[Dataset items]
(* Let $M$ be a $3$-connected simple matroid with $r(M)\ge 3$, and let $C^*$ be a cocircuit of $M$ of rank $3$. If $C^*$ contains two elements that are not vertically contractible in $M$, then all the elements of $C^*$ that are not vertically contractible in $M$ lie in a common non-trivial line of $M$. Moreover, $C^*$ contains a vertically contractible element of $M$.
   Context: An element $x$ is vertically contractible in $M$ if $\mathrm{si}(M/x)$, the simplification of $M/x$, is $3$-connected. A non-trivial line is a rank-$2$ flat with at least three elements. *)

theory Defs
  imports Main
begin

definition matroid :: "'a set \<Rightarrow> ('a set \<Rightarrow> nat) \<Rightarrow> bool" where
  "matroid E r \<longleftrightarrow> finite E
     \<and> (\<forall>X. X \<subseteq> E \<longrightarrow> r X \<le> card X)
     \<and> (\<forall>X Y. X \<subseteq> Y \<and> Y \<subseteq> E \<longrightarrow> r X \<le> r Y)
     \<and> (\<forall>X Y. X \<subseteq> E \<and> Y \<subseteq> E \<longrightarrow> r (X \<union> Y) + r (X \<inter> Y) \<le> r X + r Y)"

definition loop :: "'a set \<Rightarrow> ('a set \<Rightarrow> nat) \<Rightarrow> 'a \<Rightarrow> bool" where
  "loop E r x \<longleftrightarrow> x \<in> E \<and> r {x} = 0"

definition simple :: "'a set \<Rightarrow> ('a set \<Rightarrow> nat) \<Rightarrow> bool" where
  "simple E r \<longleftrightarrow> (\<forall>x\<in>E. r {x} = 1) \<and> (\<forall>x\<in>E. \<forall>y\<in>E. x \<noteq> y \<longrightarrow> r {x, y} = 2)"

definition k_separation :: "'a set \<Rightarrow> ('a set \<Rightarrow> nat) \<Rightarrow> nat \<Rightarrow> 'a set \<Rightarrow> bool" where
  "k_separation E r k X \<longleftrightarrow> X \<subseteq> E \<and> card X \<ge> k \<and> card (E - X) \<ge> k
     \<and> r X + r (E - X) < r E + k"

definition three_connected :: "'a set \<Rightarrow> ('a set \<Rightarrow> nat) \<Rightarrow> bool" where
  "three_connected E r \<longleftrightarrow> (\<forall>k X. 1 \<le> k \<and> k < 3 \<longrightarrow> \<not> k_separation E r k X)"

definition indep :: "'a set \<Rightarrow> ('a set \<Rightarrow> nat) \<Rightarrow> 'a set \<Rightarrow> bool" where
  "indep E r X \<longleftrightarrow> X \<subseteq> E \<and> r X = card X"

definition circuit :: "'a set \<Rightarrow> ('a set \<Rightarrow> nat) \<Rightarrow> 'a set \<Rightarrow> bool" where
  "circuit E r C \<longleftrightarrow> C \<subseteq> E \<and> \<not> indep E r C \<and> (\<forall>D. D \<subset> C \<longrightarrow> indep E r D)"

definition dual_rank :: "'a set \<Rightarrow> ('a set \<Rightarrow> nat) \<Rightarrow> 'a set \<Rightarrow> nat" where
  "dual_rank E r X = card X + r (E - X) - r E"

definition cocircuit :: "'a set \<Rightarrow> ('a set \<Rightarrow> nat) \<Rightarrow> 'a set \<Rightarrow> bool" where
  "cocircuit E r C \<longleftrightarrow> circuit E (dual_rank E r) C"

definition flat :: "'a set \<Rightarrow> ('a set \<Rightarrow> nat) \<Rightarrow> 'a set \<Rightarrow> bool" where
  "flat E r F \<longleftrightarrow> F \<subseteq> E \<and> (\<forall>e \<in> E - F. r (insert e F) > r F)"

definition nontrivial_line :: "'a set \<Rightarrow> ('a set \<Rightarrow> nat) \<Rightarrow> 'a set \<Rightarrow> bool" where
  "nontrivial_line E r L \<longleftrightarrow> flat E r L \<and> r L = 2 \<and> card L \<ge> 3"

definition contract_rank :: "('a set \<Rightarrow> nat) \<Rightarrow> 'a \<Rightarrow> 'a set \<Rightarrow> nat" where
  "contract_rank r x X = r (insert x X) - r {x}"

text \<open>Simplification: the restriction of M to a set S containing exactly one
  element from each parallel class of non-loops (S chosen by choice; the
  result is unique up to isomorphism).\<close>
definition simp_set :: "'a set \<Rightarrow> ('a set \<Rightarrow> nat) \<Rightarrow> 'a set" where
  "simp_set E r = (SOME S. S \<subseteq> E \<and> (\<forall>x\<in>S. r {x} = 1)
      \<and> (\<forall>x\<in>S. \<forall>y\<in>S. x \<noteq> y \<longrightarrow> r {x, y} = 2)
      \<and> (\<forall>x\<in>E. r {x} = 1 \<longrightarrow> (\<exists>y\<in>S. r {x, y} = 1)))"

definition vert_contractible :: "'a set \<Rightarrow> ('a set \<Rightarrow> nat) \<Rightarrow> 'a \<Rightarrow> bool" where
  "vert_contractible E r x \<longleftrightarrow> x \<in> E \<and>
     three_connected (simp_set (E - {x}) (contract_rank r x)) (contract_rank r x)"

end

(*
  Call x bad if si(M/x) is not 3-connected. Lifting a small separation of si(M/x) shows that
  a bad x has a vertical 3-separation (A - {x}, {x}, B - {x}). For x in the rank-3 cocircuit C
  with complementary hyperplane H, 3-connectivity forces each of A, B to meet C in a line
  through x. So any bad y in C lies on a line with x and a third element, coming from C itself
  unless C = {x, y, z} is a triangle; in that case, uncrossing the separations of x and y
  within H yields a point of H on the line xy. Three bad elements of C in general position
  would force C to be such a triangle, and then the three points of H on its sides, together
  with the separations, leave too few elements for r E >= 4. Hence the bad elements of C are
  collinear, and since r C = 3 not all of C is bad.
*)

theory Submission
  imports Defs
begin

section \<open>Rank functions and simple matroids\<close>

locale rank_matroid =
  fixes E :: "'a set" and r :: "'a set \<Rightarrow> nat"
  assumes matroid: "matroid E r"
begin

lemma finite_ground: "finite E"
  using matroid unfolding matroid_def by blast

lemma finite_subset_ground: "X \<subseteq> E \<Longrightarrow> finite X"
  using finite_ground finite_subset by blast

lemma rank_le_card: "X \<subseteq> E \<Longrightarrow> r X \<le> card X"
  using matroid unfolding matroid_def by blast

lemma rank_mono: "X \<subseteq> Y \<Longrightarrow> Y \<subseteq> E \<Longrightarrow> r X \<le> r Y"
  using matroid unfolding matroid_def by blast

lemma rank_submodular: "X \<subseteq> E \<Longrightarrow> Y \<subseteq> E \<Longrightarrow> r (X \<union> Y) + r (X \<inter> Y) \<le> r X + r Y"
  using matroid unfolding matroid_def by blast

lemma rank_le_card_superset:
  assumes "A \<subseteq> X" "X \<subseteq> E"
  shows "r A \<le> card X"
  using rank_mono[OF assms] rank_le_card[OF assms(2)] by linarith

lemma rank_le_rank_ground: "X \<subseteq> E \<Longrightarrow> r X \<le> r E"
  using rank_mono by blast

lemma rank_insert_le:
  assumes "X \<subseteq> E" "e \<in> E"
  shows "r (insert e X) \<le> r X + 1"
proof -
  have "r (X \<union> {e}) + r (X \<inter> {e}) \<le> r X + r {e}"
    using rank_submodular[of X "{e}"] assms by auto
  moreover have "r {e} \<le> 1"
    using rank_le_card[of "{e}"] assms by simp
  ultimately show ?thesis by simp
qed

lemma rank_Un_eq_if_spanned:
  assumes "S \<subseteq> E" "T \<subseteq> E" "\<forall>e\<in>T. r (insert e S) = r S"
  shows "r (S \<union> T) = r S"
  using finite_subset_ground[OF assms(2)] assms
proof (induction T rule: finite_induct)
  case empty
  then show ?case by simp
next
  case (insert t T)
  have IH: "r (S \<union> T) = r S" and t: "r (insert t S) = r S"
    using insert by auto
  have "(S \<union> T) \<union> insert t S = S \<union> insert t T" by auto
  then have "r (S \<union> insert t T) + r ((S \<union> T) \<inter> insert t S) \<le> r (S \<union> T) + r (insert t S)"
    using rank_submodular[of "S \<union> T" "insert t S"] insert.prems by auto
  moreover have "r S \<le> r ((S \<union> T) \<inter> insert t S)" "r S \<le> r (S \<union> insert t T)"
    using rank_mono[of S "(S \<union> T) \<inter> insert t S"] rank_mono[of S "S \<union> insert t T"] insert.prems
    by auto
  ultimately show ?case using IH t by linarith
qed

end

locale simple_matroid = rank_matroid +
  assumes simple: "simple E r"
begin

lemma rank_singleton: "x \<in> E \<Longrightarrow> r {x} = 1"
  using simple unfolding simple_def by auto

lemma rank_pair: "x \<in> E \<Longrightarrow> y \<in> E \<Longrightarrow> x \<noteq> y \<Longrightarrow> r {x, y} = 2"
  using simple unfolding simple_def by auto

lemma card_le_1_if_rank_le_1:
  assumes "X \<subseteq> E" "r X \<le> 1"
  shows "card X \<le> 1"
proof (rule ccontr)
  assume "\<not> card X \<le> 1"
  then obtain a b where "a \<in> X" "b \<in> X" "a \<noteq> b"
    using card_le_Suc0_iff_eq[OF finite_subset_ground[OF assms(1)]] by auto
  then have "r {a, b} \<le> r X" "r {a, b} = 2"
    using rank_mono[of "{a, b}" X] rank_pair[of a b] assms(1) by auto
  with assms(2) show False by simp
qed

** WORK TO BE COMPLETED **
Find each line in the records above that contains "flat", and copy it.

** EXERCISE RESULT **
   Context: An element $x$ is vertically contractible in $M$ if $\mathrm{si}(M/x)$, the simplification of $M/x$, is $3$-connected. A non-trivial line is a rank-$2$ flat with at least three elements. *)
definition flat :: "'a set \<Rightarrow> ('a set \<Rightarrow> nat) \<Rightarrow> 'a set \<Rightarrow> bool" where
  "flat E r F \<longleftrightarrow> F \<subseteq> E \<and> (\<forall>e \<in> E - F. r (insert e F) > r F)"
  "nontrivial_line E r L \<longleftrightarrow> flat E r L \<and> r L = 2 \<and> card L \<ge> 3"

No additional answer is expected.